I've learned that I have to just keep picking myself up and dusting myself off and set new goals. I'm a work in progress – for the rest of my life. Surgery did not fix my head in any respect.

I still have around 10-12 of regain to get back off. I'm starting to make peace with that though. It's not the end of the world if I stay where I am at. I'm starting to strongly believe the issue of set point. My body is pretty resistant. So I'm trying to make peace with the fact that I may still carry some extra weight with me and that it's not the worst thing in the world if I do. It could be far worse. It could have easily slipped to 40, 50 pounds had I not caught it earlier when it started to spiral. Some days I feel in control of my eating and other days I still feel overwhelmed. For me, it's day to day at a time.

I'm grateful for many things:

Other than the RH issues, I'm healthy. Anemic still but no other problems. Healthy is a good thing. I'm strong. I'm mobile. I'm active. Life doesn't pass me by unless I want it to. I've coached swimming, baseball, basketball. I've done walked three half marathons in Detroit. I've met many nice people in the WLS community.

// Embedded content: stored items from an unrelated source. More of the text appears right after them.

lemma perm_of_config:
  assumes c: "config_S n p c" "displacement_bounded (chips n) c (int n + 1 - int p) (int p)"
    and p: "1 \<le> p" "p \<le> n"
  shows "perm_of_config n p c \<in> vesztergombi_perms (n + 1 - p) p"
    "config_of_perm n p (perm_of_config n p c) = c"
proof -
  let ?\<sigma> = "perm_of_config n p c"
  have X: "{1..(n + 1 - p) + p} = chips n" using p by (simp add: chips_def)
  obtain x y where xy: "chips_at n c (int p) = {x, y}" "x < y" using config_S_double_site[OF c(1)] .
  have range: "1 \<le> c a \<and> c a \<le> int n" if "a \<in> chips n" for a
    using config_S_site_range[OF c(1) p that] .
  have \<sigma>: "?\<sigma> a = nat (c a) + (if int p < c a \<or> (c a = int p \<and> a = y) then 1 else 0)"
    if "a \<in> chips n" for a
  proof -
    have "(\<exists>b \<in> chips_at n c (int p). b < a) \<longleftrightarrow> a = y" if "c a = int p"
    proof -
      have "a \<in> chips_at n c (int p)" using that \<open>a \<in> chips n\<close> by (simp add: chips_at_def)
      then show ?thesis using xy by auto
    qed
    then have "(int p < c a \<or> (c a = int p \<and> (\<exists>b \<in> chips_at n c (int p). b < a))) \<longleftrightarrow>
        (int p < c a \<or> (c a = int p \<and> a = y))" by blast
    then show ?thesis using that unfolding perm_of_config_def by simp
  qed
  have site: "site_of_rank p (?\<sigma> a) = c a" if "a \<in> chips n" for a
    using range[OF that] \<sigma>[OF that] by (auto simp: site_of_rank_def)
  have "inj_on ?\<sigma> (chips n)"
  proof (rule inj_onI)
    fix a b assume ab: "a \<in> chips n" "b \<in> chips n" "?\<sigma> a = ?\<sigma> b"
    then have "c a = c b" using site by metis
    show "a = b"
    proof (cases "c a = int p")
      case True
      then have "a \<in> {x, y}" "b \<in> {x, y}"
        using ab \<open>c a = c b\<close> xy(1) by (auto simp: chips_at_def)
      moreover have "?\<sigma> a = p + (if a = y then 1 else 0)" "?\<sigma> b = p + (if b = y then 1 else 0)"
        using \<sigma>[OF ab(1)] \<sigma>[OF ab(2)] True \<open>c a = c b\<close> by auto
      ultimately show ?thesis using ab(3) xy(2) by (auto split: if_splits)
    qed (use config_S_single_chip[OF c(1) p ab(1,2) \<open>c a = c b\<close>] in simp)
  qed
  moreover have "?\<sigma> a \<in> chips n \<and> a \<le> ?\<sigma> a + (n + 1 - p) \<and> ?\<sigma> a \<le> a + p"
    if "a \<in> chips n" for a
  proof -
    have "int a - (int n + 1 - int p) \<le> c a" "c a \<le> int a + int p - 1"
      using c(2) that by (auto simp: displacement_bounded_def)
    moreover have "c a \<le> int (?\<sigma> a)" "int (?\<sigma> a) \<le> c a + 1"
      using \<sigma>[OF that] range[OF that] by (simp_all split: if_split)
    ultimately have "1 \<le> int (?\<sigma> a)" "int (?\<sigma> a) \<le> int n + 1"
      "int a \<le> int (?\<sigma> a) + (int n + 1 - int p)" "int (?\<sigma> a) \<le> int a + int p"
      using range[OF that] by auto
    then show ?thesis using p by (simp add: chips_def)
  qed
  moreover have "?\<sigma> \<in> extensional (chips n)" by (simp add: perm_of_config_def)
  ultimately show "?\<sigma> \<in> vesztergombi_perms (n + 1 - p) p"
    unfolding vesztergombi_perms_def X by (simp add: PiE_iff)
  have "c \<in> extensional (chips n)" using c(1) by (simp add: config_S_def PiE_iff)
  then show "config_of_perm n p ?\<sigma> = c"
    using site by (auto simp: config_of_perm_def extensional_def)
qed


definition swap_ranks :: "nat \<Rightarrow> nat \<Rightarrow> (nat \<Rightarrow> nat) \<Rightarrow> nat \<Rightarrow> nat" where
  "swap_ranks N p \<sigma> = (\<lambda>a \<in> {1..N}. Transposition.transpose p (Suc p) (\<sigma> a))"

lemma swap_ranks_vesztergombi:
  assumes "1 \<le> h" "1 \<le> p" and \<sigma>: "\<sigma> \<in> vesztergombi_perms h p"
  shows "swap_ranks (h + p) p \<sigma> \<in> vesztergombi_perms h p"
proof -
  let ?\<tau> = "swap_ranks (h + p) p \<sigma>"
  have \<tau>: "?\<tau> a = Transposition.transpose p (Suc p) (\<sigma> a)" if "a \<in> {1..h+p}" for a
    using that by (simp add: swap_ranks_def)
  have "inj_on ?\<tau> {1..h+p}"
  proof (rule inj_onI)
    fix a b assume ab: "a \<in> {1..h+p}" "b \<in> {1..h+p}" "?\<tau> a = ?\<tau> b"
    then have "Transposition.transpose p (Suc p) (\<sigma> a) = Transposition.transpose p (Suc p) (\<sigma> b)"
      by (simp add: \<tau>)
    then have "\<sigma> a = \<sigma> b" by (rule transpose_eq_imp_eq)
    then show "a = b" using \<sigma> ab(1,2) by (auto simp: vesztergombi_perms_def dest: inj_onD)
  qed
  moreover have "?\<tau> a \<in> {1..h+p} \<and> a \<le> ?\<tau> a + h \<and> ?\<tau> a \<le> a + p" if "a \<in> {1..h+p}" for a
  proof -
    have "?\<tau> a = Suc p \<or> ?\<tau> a = p \<or> ?\<tau> a = \<sigma> a"
      by (simp add: \<tau>[OF that] Transposition.transpose_def)
    then show ?thesis
      using vesztergombi_permsD[OF \<sigma> that] that assms(1,2) by fastforce
  qed
  moreover have "?\<tau> \<in> extensional {1..h+p}" by (simp add: swap_ranks_def)
  ultimately show ?thesis by (simp add: vesztergombi_perms_def PiE_iff)
qed

lemma config_of_perm_swap_ranks:
  "config_of_perm n p (swap_ranks (n + 1) p \<sigma>) = config_of_perm n p \<sigma>"
proof
  fix a
  have "site_of_rank p (Transposition.transpose p (Suc p) u) = site_of_rank p u" for u
    using site_of_rank_eq_iff by metis
  then show "config_of_perm n p (swap_ranks (n + 1) p \<sigma>) a = config_of_perm n p \<sigma> a"
    by (simp add: config_of_perm_def swap_ranks_def chips_def)
qed

lemma vesztergombi_perms_on_chips:
  assumes "p \<le> n" "\<sigma> \<in> vesztergombi_perms (n + 1 - p) p"
  shows "\<sigma> \<in> chips n \<rightarrow>\<^sub>E chips n" "inj_on \<sigma> (chips n)" "\<sigma> ` chips n = chips n"
proof -
  have "{1..(n + 1 - p) + p} = chips n" using assms(1) by (simp add: chips_def)
  then show \<sigma>: "\<sigma> \<in> chips n \<rightarrow>\<^sub>E chips n" and inj: "inj_on \<sigma> (chips n)"
    using assms(2) unfolding vesztergombi_perms_def by auto
  have "\<sigma> ` chips n \<subseteq> chips n" using \<sigma> by (simp add: PiE_iff image_subset_iff)
  then show "\<sigma> ` chips n = chips n" using inj by (simp add: endo_inj_surj chips_def)
qed

lemma vesztergombi_perms_obtain_rank:
  assumes "p \<le> n" "\<sigma> \<in> vesztergombi_perms (n + 1 - p) p" "u \<in> chips n"
  obtains a where "a \<in> chips n" "\<sigma> a = u"
  using vesztergombi_perms_on_chips(3)[OF assms(1,2)] assms(3) by (metis imageE)

lemma config_of_perm_fibre:
  assumes p: "1 \<le> p" "p \<le> n" and \<sigma>: "\<sigma> \<in> vesztergombi_perms (n + 1 - p) p"
  shows "{\<tau> \<in> vesztergombi_perms (n + 1 - p) p. config_of_perm n p \<tau> = config_of_perm n p \<sigma>} =
    {\<sigma>, swap_ranks (n + 1) p \<sigma>}"
proof (intro equalityI subsetI)
  let ?h = "n + 1 - p"
  have X: "{1..?h + p} = chips n" using p by (simp add: chips_def)
  have sw: "swap_ranks (n + 1) p \<sigma> = swap_ranks (?h + p) p \<sigma>" using p by simp
  fix \<tau> assume "\<tau> \<in> {\<tau> \<in> vesztergombi_perms ?h p. config_of_perm n p \<tau> = config_of_perm n p \<sigma>}"
  then have \<tau>: "\<tau> \<in> vesztergombi_perms ?h p" and "config_of_perm n p \<tau> = config_of_perm n p \<sigma>" by auto
  have alt: "\<tau> a = \<sigma> a \<or> \<tau> a = Transposition.transpose p (Suc p) (\<sigma> a)" if "a \<in> chips n" for a
  proof -
    have "site_of_rank p (\<sigma> a) = site_of_rank p (\<tau> a)"
      using fun_cong[OF \<open>config_of_perm n p \<tau> = config_of_perm n p \<sigma>\<close>, of a] that
      by (simp add: config_of_perm_def)
    then show ?thesis by (simp add: site_of_rank_eq_iff)
  qed
  have inj: "inj_on \<sigma> (chips n)" "inj_on \<tau> (chips n)"
    using vesztergombi_perms_on_chips(2)[OF p(2)] \<sigma> \<tau> by simp_all
  have "p \<in> chips n" using p by (simp add: chips_def)
  then obtain \<alpha> where \<alpha>: "\<alpha> \<in> chips n" "\<sigma> \<alpha> = p"
    using vesztergombi_perms_obtain_rank[OF p(2) \<sigma>] by blast
  have ext: "\<sigma> \<in> extensional (chips n)" "\<tau> \<in> extensional (chips n)"
    using vesztergombi_perms_on_chips(1)[OF p(2)] \<sigma> \<tau> by (simp_all add: PiE_iff)
  show "\<tau> \<in> {\<sigma>, swap_ranks (n + 1) p \<sigma>}"
  proof (cases "\<tau> \<alpha> = p")
    case True
    have "\<tau> a = \<sigma> a" if a: "a \<in> chips n" for a
    proof (rule ccontr)
      assume ne: "\<tau> a \<noteq> \<sigma> a"
      then have t: "\<tau> a = Transposition.transpose p (Suc p) (\<sigma> a)" using alt[OF a] by simp
      show False
      proof (cases "\<sigma> a = p")
        case True
        then have "a = \<alpha>" using inj_onD[OF inj(1), of a \<alpha>] a \<alpha> by simp
        then show False using ne True \<open>\<tau> \<alpha> = p\<close> \<alpha> by simp
      next
        case False
        then have "\<sigma> a = Suc p" using t ne by (auto simp: Transposition.transpose_def split: if_splits)
        then have "a = \<alpha>" using inj_onD[OF inj(2), of a \<alpha>] t a \<alpha> \<open>\<tau> \<alpha> = p\<close> by simp
        then show False using \<open>\<sigma> a = Suc p\<close> \<alpha> by simp
      qed
    qed
    then have "\<tau> = \<sigma>" using extensionalityI[OF ext(2,1)] by blast
    then show ?thesis by simp
  next
    case False
    then have "\<tau> \<alpha> = Suc p" using alt[OF \<alpha>(1)] \<alpha>(2) by simp
    have "\<tau> a = Transposition.transpose p (Suc p) (\<sigma> a)" if a: "a \<in> chips n" for a
    proof (rule ccontr)
      assume ne: "\<tau> a \<noteq> Transposition.transpose p (Suc p) (\<sigma> a)"
      then have t: "\<tau> a = \<sigma> a" using alt[OF a] by simp
      show False
      proof (cases "\<sigma> a = p")
        case True
        then have "a = \<alpha>" using inj_onD[OF inj(1), of a \<alpha>] a \<alpha> by simp
        then show False using t True \<open>\<tau> \<alpha> = Suc p\<close> \<alpha> by simp
      next
        case False
        then have "\<sigma> a = Suc p" using t ne by (auto simp: Transposition.transpose_def split: if_splits)
        then have "a = \<alpha>" using inj_onD[OF inj(2), of a \<alpha>] t a \<alpha> \<open>\<tau> \<alpha> = Suc p\<close> by simp
        then show False using \<open>\<sigma> a = Suc p\<close> \<alpha> by simp
      qed
    qed
    moreover have "swap_ranks (n + 1) p \<sigma> \<in> extensional (chips n)"
      by (simp add: swap_ranks_def chips_def)
    ultimately have "\<tau> = swap_ranks (n + 1) p \<sigma>"
      using extensionalityI[OF ext(2)] by (simp add: swap_ranks_def chips_def)
    then show ?thesis by simp
  qed
next
  fix \<tau> assume "\<tau> \<in> {\<sigma>, swap_ranks (n + 1) p \<sigma>}"
  moreover have "swap_ranks (n + 1) p \<sigma> \<in> vesztergombi_perms (n + 1 - p) p"
    using swap_ranks_vesztergombi[OF _ p(1) \<sigma>] p by simp
  ultimately show "\<tau> \<in> {\<tau> \<in> vesztergombi_perms (n + 1 - p) p. config_of_perm n p \<tau> = config_of_perm n p \<sigma>}"
    using \<sigma> config_of_perm_swap_ranks by safe simp_all
qed


lemma swap_ranks_neq:
  assumes "1 \<le> p" "p \<le> n" "\<sigma> \<in> vesztergombi_perms (n + 1 - p) p"
  shows "swap_ranks (n + 1) p \<sigma> \<noteq> \<sigma>"
proof -
  have "p \<in> chips n" using assms(1,2) by (simp add: chips_def)
  then obtain \<alpha> where "\<alpha> \<in> chips n" "\<sigma> \<alpha> = p"
    using vesztergombi_perms_obtain_rank[OF assms(2,3)] by blast
  then have "swap_ranks (n + 1) p \<sigma> \<alpha> \<noteq> \<sigma> \<alpha>" by (simp add: swap_ranks_def chips_def)
  then show ?thesis by metis
qed

theorem card_bounded_configs:
  assumes p: "1 \<le> p" "p \<le> n"
  shows "2 * card {c. config_S n p c \<and> displacement_bounded (chips n) c (int n + 1 - int p) (int p)} =
    polyB (n + 1 - p) p"
proof -
  let ?B = "{c. config_S n p c \<and> displacement_bounded (chips n) c (int n + 1 - int p) (int p)}"
  let ?V = "vesztergombi_perms (n + 1 - p) p"
  define fibre where "fibre c = {\<sigma> \<in> ?V. config_of_perm n p \<sigma> = c}" for c
  have "?V = (\<Union>c \<in> ?B. fibre c)"
    using config_of_perm_bounded[OF p] by (auto simp: fibre_def)
  moreover have "card (\<Union>c \<in> ?B. fibre c) = (\<Sum>c \<in> ?B. card (fibre c))"
  proof (rule card_UN_disjoint)
    show "finite ?B"
      by (rule finite_subset[of _ "chips n \<rightarrow>\<^sub>E {0..int n + 1}"])
        (auto simp: config_S_def chips_def finite_PiE)
  qed (auto simp: fibre_def)
  ultimately have "card ?V = (\<Sum>c \<in> ?B. card (fibre c))" by simp
  also have "\<dots> = (\<Sum>c \<in> ?B. 2)"
  proof (rule sum.cong[OF refl])
    fix c assume "c \<in> ?B"
    then have \<sigma>: "perm_of_config n p c \<in> ?V" "config_of_perm n p (perm_of_config n p c) = c"
      using perm_of_config p by auto
    then show "card (fibre c) = 2"
      using config_of_perm_fibre[OF p \<sigma>(1)] swap_ranks_neq[OF p \<sigma>(1)] by (simp add: fibre_def)
  qed
  finally show ?thesis using card_vesztergombi_perms by simp
qed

Running a support group has helped me be accountable to myself and others. I cannot put my head in the sand and ignore the creeping weight. I need the support group as much as others.

I see my parents struggling with their obesity and I'm so glad that I made the choice that I did to have surgery. Both of my parents can barely walk a block without being terribly winded, my Mom is at the point that soon she'll need a cane or a scooter. I'm not there. I'm not going to have a heart attack at a young age like my mother did. I still have my life and quality of life. It's really a wonderful thing.

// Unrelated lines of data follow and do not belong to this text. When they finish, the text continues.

(* Under (LS) with $k=1$, (W) and (F1), for all $\underline s_1,\underline s_2\in\mathcal S$, $$\operatorname{Cov}\Big(\sum_{t=1}^Tw_{t,T}f(\underline s_1,\underline X_{t,T}),\sum_{t=1}^Tw_{t,T}f(\underline s_2,\underline X_{t,T})\Big)\longrightarrow\mathbf V(\underline s_1,\underline s_2)\qquad(T\to\infty),$$ where $\mathbf V(\underline s_1,\underline s_2)=\sum_{h\in\mathbb{Z}}\lim_{T\to\infty}\sum_{t=1}^Tw_{t,T}w_{t+h,T}\operatorname{Cov}(f(\underline s_1,\widetilde{\underline X}_0(t/T)),f(\underline s_2,\widetilde{\underline X}_h(t/T)))$.
   Context: (LS) with $k=1$: $\underline X_{t,T}=\underline\mu(t/T)+\sum_{j\in\mathbb{Z}}A_{t,T}(j)\underline\varepsilon_{t-j}$, $t=1,\dots,T$; $(\underline\varepsilon_t)$ i.i.d. centred in $\mathbb{R}^d$, $E|\underline\varepsilon_1|_1<\infty$; $\underline\mu$ continuously differentiable; for some $\vartheta\in(0,1)$, $B<\infty$: $\sup_{t,T}|A_{t,T}(j)|_1\le B\vartheta^{|j|}$ ($|M|_1=\max_j\sum_i|m^{(i,j)}|$); entrywise continuously differentiable $A(\cdot,j)=(a^{(p,q)}(\cdot,j)):[0,1]\to\mathbb{R}^{d\times d}$ with $\sup_u|a^{(p,q)}(u,j)|\le B\vartheta^{|j|}$, $\sup_u|\partial_ua^{(p,q)}(u,j)|\le B\vartheta^{|j|}$, $\sup_{t,T}T|A_{t,T}(j)-A(t/T,j)|_1\le B\vartheta^{|j|}$. $\widetilde{\underline X}_t(u)=\underline\mu(u)+\sum_jA(u,j)\underline\varepsilon_{t-j}$; truncations $\widetilde{\underline X}^{(M)}_t(u),\underline X^{(M)}_{t,T}$: sums over $|j|<M$. (W): weights $w_{t,T}\ge0$, $d_T:=\#\{t:w_{t,T}>0\}\to\infty$, $\sup_tw_{t,T}\le C_wd_T^{-1/2}$; weights with index outside $\{1,\dots,T\}$ are $0$. (F1): $(\mathcal S,\rho)$ compact semimetric, $\mathcal S\subseteq\overline{\mathbb{R}}^d$; $\sup_{\underline s}|f(\underline s,\underline x)-f(\underline s,\underline x^\circ)|\le C_{Lip}|\underline x-\underline x^\circ|_1$; for some $\delta\in(0,1/2)$, uniformly bounded $(2+\delta)$-th absolute moments of $f(\underline s,\underline X_{t,T}),f(\underline s,\underline X^{(M)}_{t,T})$ and of $f(\underline s,\widetilde{\underline X}_0(u)),f(\underline s,\widetilde{\underline X}^{(M)}_0(u))$. *)

theory Defs
  imports "HOL-Probability.Probability"
begin

definition l1norm :: "real^'d \<Rightarrow> real" where
  "l1norm x = (\<Sum>i\<in>UNIV. \<bar>x $ i\<bar>)"

text \<open>Matrix norm: max over columns j of the column sums of absolute values.
  A matrix is an element of real^'d^'d, entry (i,j) is A $ i $ j.\<close>
definition mnorm1 :: "real^'d^'d \<Rightarrow> real" where
  "mnorm1 A = Max (range (\<lambda>j. \<Sum>i\<in>UNIV. \<bar>A $ i $ j\<bar>))"

definition C1_on_unit_with :: "(real \<Rightarrow> 'a::real_normed_vector) \<Rightarrow> (real \<Rightarrow> 'a) \<Rightarrow> bool" where
  "C1_on_unit_with g D \<longleftrightarrow>
     (\<forall>u\<in>{0..1}. (g has_vector_derivative D u) (at u within {0..1})) \<and> continuous_on {0..1} D"

definition LSX :: "(real \<Rightarrow> real^'d) \<Rightarrow> (nat \<Rightarrow> int \<Rightarrow> int \<Rightarrow> real^'d^'d)
     \<Rightarrow> (int \<Rightarrow> 'w \<Rightarrow> real^'d) \<Rightarrow> nat \<Rightarrow> int \<Rightarrow> 'w \<Rightarrow> real^'d" where
  "LSX \<mu> At \<epsilon> T t \<omega> = \<mu> (real_of_int t / real T) + (\<Sum>\<^sub>\<infinity>j\<in>UNIV. At T t j *v \<epsilon> (t - j) \<omega>)"

definition LSX_trunc :: "(real \<Rightarrow> real^'d) \<Rightarrow> (nat \<Rightarrow> int \<Rightarrow> int \<Rightarrow> real^'d^'d)
     \<Rightarrow> (int \<Rightarrow> 'w \<Rightarrow> real^'d) \<Rightarrow> nat \<Rightarrow> nat \<Rightarrow> int \<Rightarrow> 'w \<Rightarrow> real^'d" where
  "LSX_trunc \<mu> At \<epsilon> M T t \<omega> = \<mu> (real_of_int t / real T)
      + (\<Sum>j\<in>{j. \<bar>j\<bar> < int M}. At T t j *v \<epsilon> (t - j) \<omega>)"

definition SX :: "(real \<Rightarrow> real^'d) \<Rightarrow> (real \<Rightarrow> int \<Rightarrow> real^'d^'d)
     \<Rightarrow> (int \<Rightarrow> 'w \<Rightarrow> real^'d) \<Rightarrow> real \<Rightarrow> int \<Rightarrow> 'w \<Rightarrow> real^'d" where
  "SX \<mu> A \<epsilon> u t \<omega> = \<mu> u + (\<Sum>\<^sub>\<infinity>j\<in>UNIV. A u j *v \<epsilon> (t - j) \<omega>)"

definition SX_trunc :: "(real \<Rightarrow> real^'d) \<Rightarrow> (real \<Rightarrow> int \<Rightarrow> real^'d^'d)
     \<Rightarrow> (int \<Rightarrow> 'w \<Rightarrow> real^'d) \<Rightarrow> nat \<Rightarrow> real \<Rightarrow> int \<Rightarrow> 'w \<Rightarrow> real^'d" where
  "SX_trunc \<mu> A \<epsilon> M u t \<omega> = \<mu> u + (\<Sum>j\<in>{j. \<bar>j\<bar> < int M}. A u j *v \<epsilon> (t - j) \<omega>)"

definition Cov :: "'w measure \<Rightarrow> ('w \<Rightarrow> real) \<Rightarrow> ('w \<Rightarrow> real) \<Rightarrow> real" where
  "Cov M X Y = (\<integral>\<omega>. (X \<omega> - (\<integral>\<omega>'. X \<omega>' \<partial>M)) * (Y \<omega> - (\<integral>\<omega>'. Y \<omega>' \<partial>M)) \<partial>M)"

definition compact_semimetric :: "'s set \<Rightarrow> ('s \<Rightarrow> 's \<Rightarrow> real) \<Rightarrow> bool" where
  "compact_semimetric S \<rho> \<longleftrightarrow>
     (\<forall>x\<in>S. \<rho> x x = 0) \<and> (\<forall>x\<in>S. \<forall>y\<in>S. \<rho> x y \<ge> 0 \<and> \<rho> x y = \<rho> y x) \<and>
     (\<forall>x\<in>S. \<forall>y\<in>S. \<forall>z\<in>S. \<rho> x z \<le> \<rho> x y + \<rho> y z) \<and>
     (\<forall>s::nat \<Rightarrow> 's. (\<forall>n. s n \<in> S) \<longrightarrow>
        (\<exists>(r::nat \<Rightarrow> nat) x. strict_mono r \<and> x \<in> S \<and> (\<lambda>n. \<rho> (s (r n)) x) \<longlonglongrightarrow> 0))"

end

theory Submission
  imports Defs
begin

(* By bilinearity the covariance of the weighted sums is the sum over lags h of
   cov_lag T h = sum_t w_t w_(t+h) Cov(f(s1, X_t), f(s2, X_(t+h))).
   Truncating the moving-average representation at |h|/2 leaves two variables that depend on
   disjoint blocks of the i.i.d. innovations, hence are uncorrelated; since the truncation error
   is geometrically small in L1 and the (2+delta)-th moments are bounded, |cov_lag T h| decays
   geometrically in |h| uniformly in T. For fixed h, replacing X_(t,T) by the stationary
   approximation at u = t/T costs O(1/T) in L1, so cov_lag T h has the same limit L h as the
   stationary lag sums, and dominated convergence over h gives the claim. *)

lemma l1norm_nonneg: "0 \<le> l1norm x"
  unfolding l1norm_def by (simp add: sum_nonneg)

My goal is to keep working on the head issues. I highly encourage newbies to examine these issues before surgery. The head stuff can be brutal for many of us. You will see me on this board talking about regain/bounceback quite frankly. I think we need to start taking the shame out of it. It happens and most surgeons do expect it. I think by beating ourselves up we are not doing ourselves any favours. I wish people had given me more of a heads up on it to be honest. Then maybe it wouldn't have been so devastating to me.

Anyway, there's the good, bad and ugly of my surgery and my life post op. I know that my experiences are not the same as everyone else's but I'm sure I'm also not the only one to go through such a range of emotional issues and head issues after surgery. So I thought I'd put this out there for anyone who may relate to my story or anyone that wants to chat about any of these issues. Sometimes feeling like we are not alone in this journey is a very powerful thing.

Newbies: WLS is an absolutely amazing gift. It's a wonderful gift but also a big responsibility to use it wisely and there may be many times that you struggle along this journey. Please don't waste the wonderful gift you've been given. Get to goal your first year, keep your triggers at bay and work towards getting off the most weight you can while you can. Despite the head struggles, I would still do surgery all over again. It's truly a wonderful gift!

Have a good day,



  1. Dawn, thank you for your baring your soul and being so completely honest in your post. You have given this newbie a lot to think about, and I really appreciate that. I am trying very hard to keep myself accountable for my actions and realistic with my expectations. Somedays that feels like the biggest balancing act of all.

  2. Thanks so much Dawn for sharing your story. For a newbie like me it is great to know that despite the stuff that happens there is still an opportunity to be better. Set backs are natural and should be accepted as part of life and you demonstrate that wonderfully. Thanks.